Ginger Snap Cupcakes

Inspiration comes in all forms– music, a passing phrase, a “mis”interpreted glance from the corner of your eye, or a tub of delicious, wonderful, incredible cookies.

Ginger snaps. With three forms of ginger– candied, ground, and fresh. And Thanksgiving just passed. And it was an evening for cupcakes.

I made up a recipe from nothing. Oh, how I love doing this. I consulted quite a few sources. However, this recipe– all me and our house’s need for cupcake. And good ol’ ginger snap.

Ginger Snap Cupcakes

For the batter::
2 c cake flour
2 t baking powder
3/4 t salt
1/2 t cinnamon
1/2 t ground ginger
1/4 t groung cloves

3/4 c plus a little more milk

1/2 c brown sugar
1/2 c granulated sugar
1/2 c (1 stick) unsalted butter

3 large eggs, room temperature
2 t vanilla extract

For the frosting::
**Note: There was twice as much frosting as I needed. If you don’t want extra frosting, halve this recipe.

1/4 c brown sugar
1 c powdered sugar
2 (8-oz) packages cream cheese
1/4 c butter
2 t cinnamon
1 t vanilla extract

Preheat oven to 350 degrees F.

The dry team:: Sift it all together– cake flour, baking powder, salt, ground ginger, ground cinnamon, and ground cloves.

Next, cream the brown sugar, granulated sugar, and butter together.

Cream, cream, cream.

It’ll start to look crumbly. Don’t stop yet.

Then, it’ll look a little smoother. Keep on mixing.

Ahh. Smooth sailing. Now, you’ll mix in one egg at a time. Crack the egg into the bowl, then mix until completely incorporated. Repeat. Repeat.

Now, I have a confession to make. The second egg was twins!!!

I wasn’t sure what to do at first. So, I thought of all the friends I have who are twins. What would they do in a situation like this? As a twin, it is important to be treated as an individual. Instead of counting this egg as one egg, I thought I need to count it as two. What would you have done in this situation?? Did I do the right thing?

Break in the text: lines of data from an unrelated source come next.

(* Let $\mathcal H$ be an HDML model, $\varphi$ a formula, and $Q_n^f$ the filtration classes defined below. Then for every $n\in\mathbb N$, $Q_n^f$ is finite and $|Q_n^f|\le 2^{|\varphi|\cdot N_n}$, where $N_n=n!\cdot\sum_{k=0}^{n}\frac{2^k}{(n-k)!}$.
   Context: A cubical set consists of pairwise disjoint sets $Q_n$ ($n\in\mathbb N$), $Q=\bigcup_n Q_n$, and for $n\ge1$, $1\le i\le n$, maps $s_i,t_i:Q_n\to Q_{n-1}$ satisfying $\alpha_i\circ\beta_j=\beta_{j-1}\circ\alpha_i$ for $1\le i<j\le n$, $\alpha,\beta\in\{s,t\}$. An HDML model is $\mathcal H=(Q,\bar s,\bar t,l,V)$ with $l:Q_1\to\Sigma$ satisfying $l(s_i(q))=l(t_i(q))$ for $q\in Q_2$, $i\in\{1,2\}$, and valuation $V:Q\to 2^{AP}$. HDML formulas: $\varphi::=p\mid\bot\mid\varphi\to\varphi\mid\langle\mathsf s\rangle\varphi\mid\langle\mathsf t\rangle\varphi$. Satisfaction at $q\in Q_n$: $p$ iff $p\in V(q)$; $\bot$ never; $\to$ classical; $\langle\mathsf s\rangle\psi$ iff some $q'\in Q_{n+1}$ and $1\le i\le n+1$ have $s_i(q')=q$ and $q'\models\psi$; $\langle\mathsf t\rangle\psi$ iff some $1\le i\le n$ has $t_i(q)\models\psi$. $|\varphi|$ is the number of occurrences of $\to$, modalities, atomic propositions and $\bot$ in $\varphi$; $\mathcal C(\varphi)$ is the set of subformulas of $\varphi$. For $q,q'$ of the same dimension, $q\equiv q'$ iff they satisfy the same formulas of $\mathcal C(\varphi)$. For $q\in Q_0$, $[q]=\{q'\in Q_0:q\equiv q'\}$; for $q\in Q_n$, $n\ge1$, $[q]=\{q'\in Q_n:q\equiv q'$, $t_i(q')\in[t_i(q)]$, $s_i(q')\in[s_i(q)]$ for all $1\le i\le n\}$; $Q_n^f=\{[q]:q\in Q_n\}$. *)

theory Defs
  imports Complex_Main
begin

text \<open>Cubical set: Q n is the set of n-cells; s i, t i are the i-th face maps
  (used on Q n for 1 \<le> i \<le> n, landing in Q (n-1)).\<close>
definition cubical_set :: "(nat \<Rightarrow> 'q set) \<Rightarrow> (nat \<Rightarrow> 'q \<Rightarrow> 'q) \<Rightarrow> (nat \<Rightarrow> 'q \<Rightarrow> 'q) \<Rightarrow> bool" where
  "cubical_set Q s t \<longleftrightarrow>
     (\<forall>m n. m \<noteq> n \<longrightarrow> Q m \<inter> Q n = {}) \<and>
     (\<forall>n i q. 1 \<le> i \<and> i \<le> n \<and> q \<in> Q n \<longrightarrow> s i q \<in> Q (n - 1) \<and> t i q \<in> Q (n - 1)) \<and>
     (\<forall>n i j q. 1 \<le> i \<and> i < j \<and> j \<le> n \<and> q \<in> Q n \<longrightarrow>
        (\<forall>\<alpha> \<in> {s, t}. \<forall>\<beta> \<in> {s, t}. \<alpha> i (\<beta> j q) = \<beta> (j - 1) (\<alpha> i q)))"

definition hdml_model :: "(nat \<Rightarrow> 'q set) \<Rightarrow> (nat \<Rightarrow> 'q \<Rightarrow> 'q) \<Rightarrow> (nat \<Rightarrow> 'q \<Rightarrow> 'q)
    \<Rightarrow> ('q \<Rightarrow> 'sigma) \<Rightarrow> ('q \<Rightarrow> 'ap set) \<Rightarrow> bool" where
  "hdml_model Q s t l V \<longleftrightarrow> cubical_set Q s t \<and>
     (\<forall>q \<in> Q 2. \<forall>i \<in> {1, 2}. l (s i q) = l (t i q))"

datatype 'ap hform = Atom 'ap | Bot | Imp "'ap hform" "'ap hform" | DiaS "'ap hform" | DiaT "'ap hform"

fun fsize :: "'ap hform \<Rightarrow> nat" where
  "fsize (Atom p) = 1"
| "fsize Bot = 1"
| "fsize (Imp a b) = 1 + fsize a + fsize b"
| "fsize (DiaS a) = 1 + fsize a"
| "fsize (DiaT a) = 1 + fsize a"

fun subf :: "'ap hform \<Rightarrow> 'ap hform set" where
  "subf (Atom p) = {Atom p}"
| "subf Bot = {Bot}"
| "subf (Imp a b) = insert (Imp a b) (subf a \<union> subf b)"
| "subf (DiaS a) = insert (DiaS a) (subf a)"
| "subf (DiaT a) = insert (DiaT a) (subf a)"

text \<open>Satisfaction at a cell q of dimension n (meaningful for q \<in> Q n).\<close>
fun sat :: "(nat \<Rightarrow> 'q set) \<Rightarrow> (nat \<Rightarrow> 'q \<Rightarrow> 'q) \<Rightarrow> (nat \<Rightarrow> 'q \<Rightarrow> 'q) \<Rightarrow> ('q \<Rightarrow> 'ap set)
    \<Rightarrow> nat \<Rightarrow> 'q \<Rightarrow> 'ap hform \<Rightarrow> bool" where
  "sat Q s t V n q (Atom p) = (p \<in> V q)"
| "sat Q s t V n q Bot = False"
| "sat Q s t V n q (Imp a b) = (sat Q s t V n q a \<longrightarrow> sat Q s t V n q b)"
| "sat Q s t V n q (DiaS a) =
     (\<exists>q' \<in> Q (Suc n). \<exists>i \<in> {1..Suc n}. s i q' = q \<and> sat Q s t V (Suc n) q' a)"
| "sat Q s t V n q (DiaT a) = (\<exists>i \<in> {1..n}. sat Q s t V (n - 1) (t i q) a)"

definition hequiv :: "(nat \<Rightarrow> 'q set) \<Rightarrow> (nat \<Rightarrow> 'q \<Rightarrow> 'q) \<Rightarrow> (nat \<Rightarrow> 'q \<Rightarrow> 'q) \<Rightarrow> ('q \<Rightarrow> 'ap set)
    \<Rightarrow> 'ap hform \<Rightarrow> nat \<Rightarrow> 'q \<Rightarrow> 'q \<Rightarrow> bool" where
  "hequiv Q s t V \<phi> n q q' \<longleftrightarrow> (\<forall>\<psi> \<in> subf \<phi>. sat Q s t V n q \<psi> \<longleftrightarrow> sat Q s t V n q' \<psi>)"

fun fclass :: "(nat \<Rightarrow> 'q set) \<Rightarrow> (nat \<Rightarrow> 'q \<Rightarrow> 'q) \<Rightarrow> (nat \<Rightarrow> 'q \<Rightarrow> 'q) \<Rightarrow> ('q \<Rightarrow> 'ap set)
    \<Rightarrow> 'ap hform \<Rightarrow> nat \<Rightarrow> 'q \<Rightarrow> 'q set" where
  "fclass Q s t V \<phi> 0 q = {q' \<in> Q 0. hequiv Q s t V \<phi> 0 q q'}"
| "fclass Q s t V \<phi> (Suc n) q = {q' \<in> Q (Suc n). hequiv Q s t V \<phi> (Suc n) q q' \<and>
     (\<forall>i \<in> {1..Suc n}. t i q' \<in> fclass Q s t V \<phi> n (t i q) \<and> s i q' \<in> fclass Q s t V \<phi> n (s i q))}"

definition Qf :: "(nat \<Rightarrow> 'q set) \<Rightarrow> (nat \<Rightarrow> 'q \<Rightarrow> 'q) \<Rightarrow> (nat \<Rightarrow> 'q \<Rightarrow> 'q) \<Rightarrow> ('q \<Rightarrow> 'ap set)
    \<Rightarrow> 'ap hform \<Rightarrow> nat \<Rightarrow> 'q set set" where
  "Qf Q s t V \<phi> n = fclass Q s t V \<phi> n ` Q n"

end

theory Submission
  imports Defs "HOL-Library.FuncSet"
begin

(* A cell q of dimension n has a "type": the set of subformulas of phi it satisfies,
   a subset of C(phi), which has at most |phi| elements.  The class [q] is determined
   by data of bounded size:
   - for n = 0, by the type of q alone, so |Q_0^f| <= 2^|phi|;
   - for n + 1, by the type of q together with the classes of its 2(n+1) faces
     s_i q, t_i q, which lie in Q_n^f, so |Q_(n+1)^f| <= 2^|phi| * |Q_n^f|^(2(n+1)).
   Both are instances of one counting principle: if f is determined on A by a key
   with values in a finite set K, then |f ` A| <= |K|.  Hence |Q_n^f| <= 2^(|phi| N_n)
   for the exponents N_0 = 1, N_(n+1) = 1 + 2(n+1) N_n, and a short computation
   shows N_n = n! * sum_(k=0..n) 2^k/(n-k)!, the form used in the statement. *)

lemma finite_subf: "finite (subf \<phi>)"
  by (induction \<phi>) auto

lemma card_subf_le: "card (subf \<phi>) \<le> fsize \<phi>"
proof (induction \<phi>)
  case (Imp a b)
  have "card (subf (Imp a b)) \<le> Suc (card (subf a \<union> subf b))"
    by (simp add: card_insert_le_m1 card_insert_if)
  also have "card (subf a \<union> subf b) \<le> card (subf a) + card (subf b)"
    by (rule card_Un_le)
  finally show ?case using Imp by simp
qed (auto simp: card_insert_if finite_subf)

lemma card_image_determined_by_key:
  assumes determined: "\<And>a b. a \<in> A \<Longrightarrow> b \<in> A \<Longrightarrow> key a = key b \<Longrightarrow> f a = f b"
    and into: "key ` A \<subseteq> K" and "finite K"
  shows "finite (f ` A) \<and> card (f ` A) \<le> card K"
proof -
  have factor: "f ` A = (\<lambda>k. f (inv_into A key k)) ` (key ` A)"
  proof -
    have "f (inv_into A key (key a)) = f a" if "a \<in> A" for a
      using determined that by (metis f_inv_into_f image_eqI inv_into_into)
    then show ?thesis by (auto simp: image_iff)
  qed
  have "finite (key ` A)" using into \<open>finite K\<close> finite_subset by blast
  moreover have "card (key ` A) \<le> card K" by (rule card_mono[OF \<open>finite K\<close> into])
  ultimately show ?thesis unfolding factor by (meson card_image_le finite_imageI order_trans)
qed

text \<open>The exponents N_n, defined by the recursion that the counting argument produces.\<close>
fun bound_exponent :: "nat \<Rightarrow> nat" where
  "bound_exponent 0 = 1"
| "bound_exponent (Suc n) = 1 + 2 * Suc n * bound_exponent n"

lemma bound_exponent_closed_form:
  "real (bound_exponent n) = fact n * (\<Sum>k = 0..n. 2 ^ k / fact (n - k))"
proof (induction n)
  case (Suc n)
  define S where "S m = (\<Sum>k = 0..m. (2::real) ^ k / fact (m - k))" for m
  have "S (Suc n) = 1 / fact (Suc n) + (\<Sum>k = 0..n. 2 ^ Suc k / fact (Suc n - Suc k))"
    unfolding S_def by (subst sum.atLeast0_atMost_Suc_shift) simp
  also have "\<dots> = 1 / fact (Suc n) + 2 * S n"
    unfolding S_def by (simp add: sum_distrib_left)
  finally have "fact (Suc n) * S (Suc n) = 1 + 2 * real (Suc n) * (fact n * S n)"
    unfolding fact_Suc of_nat_mult by (simp add: distrib_left)
  then show ?case using Suc.IH unfolding S_def by (simp add: algebra_simps)
qed simp

lemma cubical_set_faces:
  assumes "cubical_set Q s t" "q \<in> Q (Suc n)" "i \<in> {1..Suc n}"
  shows "s i q \<in> Q n \<and> t i q \<in> Q n"
proof -
  have "\<forall>n i q. 1 \<le> i \<and> i \<le> n \<and> q \<in> Q n \<longrightarrow> s i q \<in> Q (n - 1) \<and> t i q \<in> Q (n - 1)"
    using assms(1) unfolding cubical_set_def by blast
  from this[rule_format, of i "Suc n" q] show ?thesis using assms(2,3) by simp
qed

context
  fixes Q :: "nat \<Rightarrow> 'q set" and s t :: "nat \<Rightarrow> 'q \<Rightarrow> 'q"
    and V :: "'q \<Rightarrow> 'ap set" and \<phi> :: "'ap hform"
begin

definition ftype :: "nat \<Rightarrow> 'q \<Rightarrow> 'ap hform set" where
  "ftype n q = {\<psi> \<in> subf \<phi>. sat Q s t V n q \<psi>}"

lemma ftype_in_Pow: "ftype n q \<in> Pow (subf \<phi>)"
  unfolding ftype_def by auto

lemma hequiv_determined_by_ftype:
  assumes "ftype n q1 = ftype n q2"
  shows "hequiv Q s t V \<phi> n q1 = hequiv Q s t V \<phi> n q2"
proof -
  have "\<forall>\<psi>\<in>subf \<phi>. sat Q s t V n q1 \<psi> = sat Q s t V n q2 \<psi>"
    using assms unfolding ftype_def set_eq_iff by blast
  then show ?thesis unfolding hequiv_def by (auto intro!: ext)
qed

lemma fclass_Suc_determined:
  assumes "ftype (Suc n) q1 = ftype (Suc n) q2"
    and "\<forall>i\<in>{1..Suc n}. fclass Q s t V \<phi> n (t i q1) = fclass Q s t V \<phi> n (t i q2)
           \<and> fclass Q s t V \<phi> n (s i q1) = fclass Q s t V \<phi> n (s i q2)"
  shows "fclass Q s t V \<phi> (Suc n) q1 = fclass Q s t V \<phi> (Suc n) q2"
  using hequiv_determined_by_ftype[OF assms(1)] assms(2) by simp

lemma Qf_0_bound:
  "finite (Qf Q s t V \<phi> 0) \<and> card (Qf Q s t V \<phi> 0) \<le> 2 ^ card (subf \<phi>)"
proof -
  have "finite (Qf Q s t V \<phi> 0) \<and> card (Qf Q s t V \<phi> 0) \<le> card (Pow (subf \<phi>))"
    unfolding Qf_def
  proof (rule card_image_determined_by_key[where key = "ftype 0"])
    show "fclass Q s t V \<phi> 0 a = fclass Q s t V \<phi> 0 b" if "ftype 0 a = ftype 0 b" for a b
      using hequiv_determined_by_ftype[OF that] by simp
  qed (use ftype_in_Pow finite_subf in auto)
  then show ?thesis by (simp add: card_Pow finite_subf)
qed

lemma Qf_Suc_bound:
  assumes "cubical_set Q s t" and finite_prev: "finite (Qf Q s t V \<phi> n)"
  shows "finite (Qf Q s t V \<phi> (Suc n)) \<and>
    card (Qf Q s t V \<phi> (Suc n)) \<le> 2 ^ card (subf \<phi>) * card (Qf Q s t V \<phi> n) ^ (2 * Suc n)"
proof -
  let ?cls = "fclass Q s t V \<phi> n" and ?A = "Qf Q s t V \<phi> n" and ?I = "{1..Suc n}"
  define key where
    "key q = (ftype (Suc n) q, restrict (\<lambda>i. (?cls (t i q), ?cls (s i q))) ?I)" for q
  define K where "K = Pow (subf \<phi>) \<times> PiE ?I (\<lambda>_. ?A \<times> ?A)"
  have "finite (Qf Q s t V \<phi> (Suc n)) \<and> card (Qf Q s t V \<phi> (Suc n)) \<le> card K"
    unfolding Qf_def
  proof (rule card_image_determined_by_key[where key = key])
    show "fclass Q s t V \<phi> (Suc n) a = fclass Q s t V \<phi> (Suc n) b" if "key a = key b" for a b
    proof (rule fclass_Suc_determined)
      show "ftype (Suc n) a = ftype (Suc n) b" using that unfolding key_def by simp
      have "restrict (\<lambda>i. (?cls (t i a), ?cls (s i a))) ?I = restrict (\<lambda>i. (?cls (t i b), ?cls (s i b))) ?I"
        using that unfolding key_def by simp
      then show "\<forall>i\<in>?I. ?cls (t i a) = ?cls (t i b) \<and> ?cls (s i a) = ?cls (s i b)"
        by (metis (mono_tags, lifting) prod.inject restrict_apply')
    qed
    show "key ` Q (Suc n) \<subseteq> K"
    proof
      fix k assume "k \<in> key ` Q (Suc n)"
      then obtain q where q: "q \<in> Q (Suc n)" and k: "k = key q" by blast
      have "?cls (t i q) \<in> ?A \<and> ?cls (s i q) \<in> ?A" if "i \<in> ?I" for i
        using cubical_set_faces[OF assms(1) q that] unfolding Qf_def by blast
      then show "k \<in> K" unfolding k key_def K_def using ftype_in_Pow by auto
    qed
    show "finite K" unfolding K_def using finite_prev by (simp add: finite_subf finite_PiE)
  qed
  moreover have "card K = 2 ^ card (subf \<phi>) * card ?A ^ (2 * Suc n)"
    unfolding K_def using finite_prev
    by (simp add: card_cartesian_product card_PiE card_Pow finite_subf power_mult power2_eq_square)
  ultimately show ?thesis by simp
qed

lemma Qf_bound:
  assumes "cubical_set Q s t"
  shows "finite (Qf Q s t V \<phi> n) \<and> card (Qf Q s t V \<phi> n) \<le> 2 ^ (fsize \<phi> * bound_exponent n)"
proof (induction n)
  case 0
  have "(2::nat) ^ card (subf \<phi>) \<le> 2 ^ fsize \<phi>"
    using card_subf_le by (rule power_increasing) simp
  then show ?case using Qf_0_bound by (metis le_trans mult_1_right bound_exponent.simps(1))
next
  case (Suc n)
  let ?m = "fsize \<phi>"
  have "card (Qf Q s t V \<phi> (Suc n)) \<le> 2 ^ card (subf \<phi>) * card (Qf Q s t V \<phi> n) ^ (2 * Suc n)"
    using Qf_Suc_bound[OF assms] Suc.IH by blast
  also have "\<dots> \<le> 2 ^ ?m * (2 ^ (?m * bound_exponent n)) ^ (2 * Suc n)"
    using Suc.IH card_subf_le[of \<phi>] by (intro mult_mono power_mono power_increasing) auto
  also have "\<dots> = 2 ^ (?m + ?m * bound_exponent n * (2 * Suc n))"
    by (simp only: power_add power_mult)
  also have "\<dots> = 2 ^ (?m * bound_exponent (Suc n))"
    by (rule arg_cong[where f = "(^) 2"]) (simp add: algebra_simps)
  finally show ?case using Qf_Suc_bound[OF assms] Suc.IH by blast
qed

end

theorem mainTheorem4:
  fixes Q :: "nat \<Rightarrow> 'q set" and s t :: "nat \<Rightarrow> 'q \<Rightarrow> 'q"
    and l :: "'q \<Rightarrow> 'sigma" and V :: "'q \<Rightarrow> 'ap set" and \<phi> :: "'ap hform"
  assumes "hdml_model Q s t l V"
  shows "\<forall>n. finite (Qf Q s t V \<phi> n) \<and>
    real (card (Qf Q s t V \<phi> n))
      \<le> 2 powr (real (fsize \<phi>) * (fact n * (\<Sum>k = 0..n. 2 ^ k / fact (n - k))))"
proof
  fix n
  have cubical: "cubical_set Q s t" using assms unfolding hdml_model_def by simp
  note bound = Qf_bound[OF cubical, of V \<phi> n]
  have "real (card (Qf Q s t V \<phi> n)) \<le> real (2 ^ (fsize \<phi> * bound_exponent n))"
    using bound by linarith
  also have "\<dots> = 2 powr (real (fsize \<phi>) * real (bound_exponent n))"
    by (simp add: powr_realpow[symmetric])
  finally show "finite (Qf Q s t V \<phi> n) \<and>
      real (card (Qf Q s t V \<phi> n)) \<le> 2 powr (real (fsize \<phi>) * (fact n * (\<Sum>k = 0..n. 2 ^ k / fact (n - k))))"
    using bound bound_exponent_closed_form[of n] by simp
qed

end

As soon as I got past the soul delving, I went on with cooking. We can go on, too.

Add a portion of the dry into the wet ingredients. Mix until completely incorporated.

Add a splash of milk. Mix until completely incorporated.

Repeat.

Keep repeating until dry mix and milk are gone:: dry, mix, milk, mix, dry, mix, milk, mix, dry, mix, milk, mix.

Now dollop batter into prepared muffin tins. Fill 3/4 to the top.

Cook for 20 minutes. But start checking on them at 15 minutes.

While they are baking, make the caramel!!!

For the Caramel Sauce::

4 T butter
1/2 c brown sugar

In a sauce pan, melt butter with heat on medium. Add brown sugar, stir until everything is all mixed up. Allow to cook for two minutes, continuing to stir the whole time. Then, set aside.

Then continue on to the frosting.

Put sugars and cinnamon into mixing bowl.

Add cream cheeses and butter. And cream all together. Oh, yeah. Add vanilla extract, too.

Look! It’s all creamed together. Oh, man. Look at that cinnamon. Place in the refrigerator, covered until you’re ready to use it.

Core out the cupcakes once they get a chance to cool a bit. I just used a knife. I don’t have one of those neato cupcake corers, but I didn’t need one. I just used a knife to core the cupcakes and then added the caramel to the center.

Smush up some ginger snap cookies.

Top with frosting and smushed ginger snaps.

Enjoy!

Make sure you put the frosting away really quickly. Before you discover how delicious the frosting is with ginger snaps. Store it in the refrigerator. And have someone else put it in there so he or she knows where it is but you don’t… just so you don’t eat all of it by yourself.